Es kommt auf den Titel an
Welche Konsequenzen kann Deutschland nun daraus ziehen? Sicher die, dass es in Ordnung ist, den Kandidaten professionelle Unterstützung zur Seite zu stellen, deren eigene Stimme dabei aber immer noch erkennbar bleiben sollte. Bei den durchaus talentierten Kandidatinnen der vergangenen Jahre sprang dieser Funke in den Finalsendungen erkennbar nicht über. Eine wünschenswerte weitere Konsequenz wäre es, das ewige deutsche Gejammer „Keiner mag uns“und „die Osteuropäer schieben sich ja eh die Punkte zu“endgültig einzumotten. Denn die einfache Gleichung lautet: Wenn man einen guten Song im Gepäck hat, der die Menschen länderübergreifend berühren kann, und diesen überzeugend darbietet, dann spielt die Herkunft des Interpreten nur eine untergeordnete Rolle.
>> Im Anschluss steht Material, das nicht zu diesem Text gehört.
(* Consider binary classification with $\mathcal Y=\{-1,+1\}$ and suppose ${\mathbb P}(Y=+1)={\mathbb P}(Y=-1)$. Let $f(v)=\tfrac12|v-1|$ (Total Variation). Then a maximizer $h^*_f\in\arg\max_h D_f(P_{h\times Y}\,\|\,Q_{h\times Y})$, the maximum being over all classifiers $h:\mathcal X\to\{-1,+1\}$, is the Bayes optimal classifier, i.e. $h^*_f\in\arg\max_h {\mathbb P}(h(X)=Y)$.
   Context: $(X,Y)$ is a random pair with features $X\in\mathcal X$ and label $Y\in\{-1,+1\}$. A classifier is a measurable map $h:\mathcal X\to\{-1,+1\}$. $P_{h\times Y}$ denotes the joint distribution of $(h(X),Y)$ on $\{-1,+1\}^2$, i.e. $P_{h\times Y}(y,y')={\mathbb P}(h(X)=y,Y=y')$, and $Q_{h\times Y}$ the product of its marginals, $Q_{h\times Y}(y,y')={\mathbb P}(h(X)=y)\,{\mathbb P}(Y=y')$. For a convex $f$ with $f(1)=0$ and distributions $P,Q$ on a finite set with masses $p,q$, $D_f(P\|Q)=\sum_z q(z) f(p(z)/q(z))$. For $f(v)=\frac12|v-1|$ this is $D_f(P\|Q)=\frac12\sum_z|p(z)-q(z)|$. *)

theory Defs
  imports "HOL-Probability.Probability"
begin

definition labels :: "int set" where "labels = {-1, 1}"

definition classifier :: "'b measure \<Rightarrow> ('b \<Rightarrow> int) \<Rightarrow> bool" where
  "classifier N h \<longleftrightarrow> h \<in> measurable N (count_space UNIV) \<and> (\<forall>x\<in>space N. h x \<in> labels)"

definition P_joint :: "'a measure \<Rightarrow> ('a \<Rightarrow> 'b) \<Rightarrow> ('a \<Rightarrow> int) \<Rightarrow> ('b \<Rightarrow> int) \<Rightarrow> int \<Rightarrow> int \<Rightarrow> real" where
  "P_joint M X Y h y y' = measure M {\<omega> \<in> space M. h (X \<omega>) = y \<and> Y \<omega> = y'}"

definition Q_prod :: "'a measure \<Rightarrow> ('a \<Rightarrow> 'b) \<Rightarrow> ('a \<Rightarrow> int) \<Rightarrow> ('b \<Rightarrow> int) \<Rightarrow> int \<Rightarrow> int \<Rightarrow> real" where
  "Q_prod M X Y h y y' = measure M {\<omega> \<in> space M. h (X \<omega>) = y} * measure M {\<omega> \<in> space M. Y \<omega> = y'}"

definition f_div :: "(real \<Rightarrow> real) \<Rightarrow> (int \<Rightarrow> int \<Rightarrow> real) \<Rightarrow> (int \<Rightarrow> int \<Rightarrow> real) \<Rightarrow> real" where
  "f_div f p q = (\<Sum>(y, y') \<in> labels \<times> labels. q y y' * f (p y y' / q y y'))"

definition f_TV :: "real \<Rightarrow> real" where "f_TV v = \<bar>v - 1\<bar> / 2"

definition div_obj :: "(real \<Rightarrow> real) \<Rightarrow> 'a measure \<Rightarrow> ('a \<Rightarrow> 'b) \<Rightarrow> ('a \<Rightarrow> int) \<Rightarrow> ('b \<Rightarrow> int) \<Rightarrow> real" where
  "div_obj f M X Y h = f_div f (P_joint M X Y h) (Q_prod M X Y h)"

definition accuracy :: "'a measure \<Rightarrow> ('a \<Rightarrow> 'b) \<Rightarrow> ('a \<Rightarrow> int) \<Rightarrow> ('b \<Rightarrow> int) \<Rightarrow> real" where
  "accuracy M X Y h = measure M {\<omega> \<in> space M. h (X \<omega>) = Y \<omega>}"

end

theory Submission
  imports Defs
begin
Am Reißbrett lassen sich Erfolge aber auch weiterhin nicht planen, man muss zudem den Nerv der Zeit treffen – wie Netta in ihrem selbstbewusst an die derzeitige #MeToo-Debatte anknüpfenden Song. Die 25-jährige Israelin, die früher unter ihrem Gewicht litt, fühlt sich mittlerweile erkennbar wohl in ihrem Körper. Ihr Beitrag ist eine wilde Stilmixtur, mal gackert sie wie Lady Gaga in „Bad Romance“, mal lässt sie Elemente des ostasiatischen Pops einfließen. Das gilt auch für die Textreferenzen, die von „Wonder Woman“bis hin zum Pokemon Pikachu reichen, sowie die Inszenierung: Netta trug einen Kimono, im Hintergrund thronten zwei Schränke mit japanischen Winkekatzen, vom deutschen ESCKommentator Peter Urban kenntnisreich als „Bären“bezeichnet. Dass vor zwei Jahren eine gewisse JamieLee auf einen optisch ähnlichen Stil setzte und damit für Deutschland auf dem letzten Platz landete, zeigt, dass man den richtigen Zeitpunkt auch verpassen kann, wenn man zu früh kommt. Nun findet der ESC mit dem vierten Sieg des Landes kommendes Jahr in Israel statt – 20 Jahre nachdem die transsexuelle Dana International den Wettbewerb zuletzt in das Land geholt hatte.